Markets
U.S. stocks reach highest valuation relative to bonds since 2002
U.S. stocks are as expensive as they have been since the dotcom bubble. Investors are weighing opportunities and risks.
U.S. stocks have reached their highest valuation compared to government bonds since the dot-com era due to a technology-driven rally. This raises concerns among investors about the significantly increased valuations of leading technology companies.
The recent record run of the S&P 500 Index has pushed the so-called forward earnings yield – expected earnings relative to stock price – down to 3.9 percent. At the same time, the yields on ten-year U.S. government bonds have risen to 4.65 percent. The resulting negative difference between the two values, known as the Equity Risk Premium (ERP), marks the lowest level since 2002.
Investors are willing to hold large tech companies without a significant risk premium," says Ben Inker, Co-Head of Asset Allocation at GMO. "This is a dangerous attitude.
The high valuations are driven by strong demand from institutional investors for U.S. growth stocks as well as the ongoing hype around the "Magnificent Seven" – the seven largest U.S. tech stocks. Some analysts argue that the ERP indicator may underestimate the actual risks, as it is based on currently above-average profit margins that may not be sustainable in the long term.
An alternative valuation approach that compares the earnings yield with inflation-adjusted US government bonds also shows that the risk premium has fallen to its lowest level since the dot-com bubble – although not into negative territory.
While skeptics fear an overheating of the market, other analysts consider the high valuation levels justified.

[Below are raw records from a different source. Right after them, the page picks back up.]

(* the critical machine (labelled "machine 1" by the algorithm) and the other one *)
definition crit :: "nat \<Rightarrow> (nat \<Rightarrow> real) \<Rightarrow> nat set \<Rightarrow> nat set" where
  "crit n p M1 = (if sum p M1 \<ge> load2 n p M1 then M1 else {..<n} - M1)"

definition noncrit :: "nat \<Rightarrow> (nat \<Rightarrow> real) \<Rightarrow> nat set \<Rightarrow> nat set" where
  "noncrit n p M1 = {..<n} - crit n p M1"

(* value put into A_Sigma / B_Sigma for a set S of jobs *)
definition sval :: "nat \<Rightarrow> (nat \<Rightarrow> real) \<Rightarrow> nat set \<Rightarrow> nat set \<Rightarrow> real" where
  "sval n p M1 S = sum p (S \<inter> crit n p M1) - sum p (S \<inter> noncrit n p M1)"

(* A pair (S1,S2) that step (5) of the randomized kt-swap algorithm can find, for the
   random partition a (job j is in A iff a j, in B otherwise). *)
definition found_pair ::
  "nat \<Rightarrow> (nat \<Rightarrow> real) \<Rightarrow> nat set \<Rightarrow> nat \<Rightarrow> (nat \<Rightarrow> bool) \<Rightarrow> nat set \<Rightarrow> nat set \<Rightarrow> bool" where
  "found_pair n p M1 kt a S1 S2 \<longleftrightarrow>
     S1 \<subseteq> {j. j < n \<and> a j} \<and> card S1 = (kt + 1) div 2 \<and>
     S2 \<subseteq> {j. j < n \<and> \<not> a j} \<and> card S2 = kt div 2 \<and>
     - sval n p M1 S1 < sval n p M1 S2 \<and> sval n p M1 S2 < Delta n p M1 - sval n p M1 S1"
(* Let $(k,q)$ be a semiprimitive pair with $q=p^m$, $m$ even, and put $n=\frac{q-1}{k}$. Let $\sigma$ be as defined in the context. Then $$\mathrm{Spec}(\Gamma(k,q))=\{[n]^1,[\lambda_1]^n,[\lambda_2]^{(k-1)n}\},\qquad \mathrm{Spec}(\bar\Gamma(k,q))=\{[(k-1)n]^1,[(k-1)\lambda_2]^n,[-1-\lambda_2]^{(k-1)n}\},$$ where $$\lambda_1=\frac{\sigma(k-1)p^{m/2}-1}{k},\qquad \lambda_2=-\frac{\sigma p^{m/2}+1}{k},$$ and the three values $n,\lambda_1,\lambda_2$ are pairwise distinct.
   Context: Let $p$ be prime, $q=p^m$, $k\mid q-1$, $R_k=\{x^k:x\in\mathbb F_q^*\}$. The generalized Paley graph $\Gamma(k,q)$ is the Cayley graph with vertex set $\mathbb F_q$ where $u\to v$ is an edge iff $v-u\in R_k$; $\bar\Gamma(k,q)$ is the Cayley graph on $\mathbb F_q$ with connection set $\mathbb F_q^*\setminus R_k$. Spectrum = multiset of adjacency eigenvalues, written $\{[\lambda]^{\text{mult}}\}$. A pair $(k,q)$ with $q=p^m$ and $k\mid q-1$ is called a semiprimitive pair if either $k=2$ and $q\equiv1\pmod 4$, or $k>2$, $k\mid p^t+1$ for some $t\mid\frac m2$, and $k\neq p^{m/2}+1$. For a semiprimitive pair with $m$ even, let $t$ be the least positive integer $j$ with $k\mid p^j+1$, put $s=\frac{m}{2t}$, and $\sigma=(-1)^{s+1}$. *)

theory Defs
  imports "HOL-Analysis.Analysis" "HOL-Computational_Algebra.Polynomial"
begin
lemma calA_tilde_dominates_calA:
  assumes "q \<in> calA a b"
  obtains p where "p \<in> calA_tilde \<Omega> a b" "Fobj \<Omega> q \<le> Fobj \<Omega> p"
proof -
  obtain A B where q: "q = (A, B)" "A \<in> row_plans a" "transpose B \<in> row_plans b"
    using assms by (auto simp: calA_eq_Times mem_transpose_image)
  obtain A' where A': "A' \<in> adapted_row_plans \<Omega> a"
    "\<And>i j. 0 < \<Omega> $ i $ j \<Longrightarrow> A $ Some i $ Some j \<le> A' $ Some i $ Some j"
    using adapted_row_plan_above[OF q(2)] by blast
  obtain B' where B': "B' \<in> adapted_row_plans (transpose \<Omega>) b"
    "\<And>j i. 0 < transpose \<Omega> $ j $ i \<Longrightarrow> transpose B $ Some j $ Some i \<le> B' $ Some j $ Some i"
    using adapted_row_plan_above[OF q(3)] by blast
  show thesis
  proof
    show "(A', transpose B') \<in> calA_tilde \<Omega> a b"
      using A' B' by (simp add: calA_tilde_eq_Times mem_transpose_image)
    show "Fobj \<Omega> q \<le> Fobj \<Omega> (A', transpose B')"
      unfolding q(1)
    proof (rule Fobj_mono)
      show "0 \<le> A $ Some i $ Some j" "0 \<le> B $ Some i $ Some j" for i j
        using q(2,3) by (simp_all add: row_plans_def)
      show "A $ Some i $ Some j \<le> A' $ Some i $ Some j" if "0 < \<Omega> $ i $ j" for i j
        using A'(2) that .
      show "B $ Some i $ Some j \<le> transpose B' $ Some i $ Some j" if "0 < \<Omega> $ i $ j" for i j
        using B'(2)[of j i] that by simp
      show "A' $ Some i $ Some j = 0" if "\<Omega> $ i $ j \<le> 0" for i j
        using A'(1) that by (simp add: adapted_row_plans_def)
    qed
  qed
qed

According to Goldman Sachs, the current valuation ratios are in line with macroeconomic conditions, including interest rates and labor market situation.
However, the pressure on stocks could increase if US Treasury yields continue to rise, as bonds would then be considered an attractive alternative for investors. Chris Jeffery, Head of Macro Analysis at Legal & General, emphasizes: "There are several warning signals that should make investors cautious, especially the discrepancy between the valuation of US stocks and the rest of the world.
Despite the uncertainties, many investors remain optimistic. However, Andrew Pease, Chief Strategist at Russell Investments, warns against focusing too much on the big tech stocks. "2025 is the year when diversification becomes more important than ever.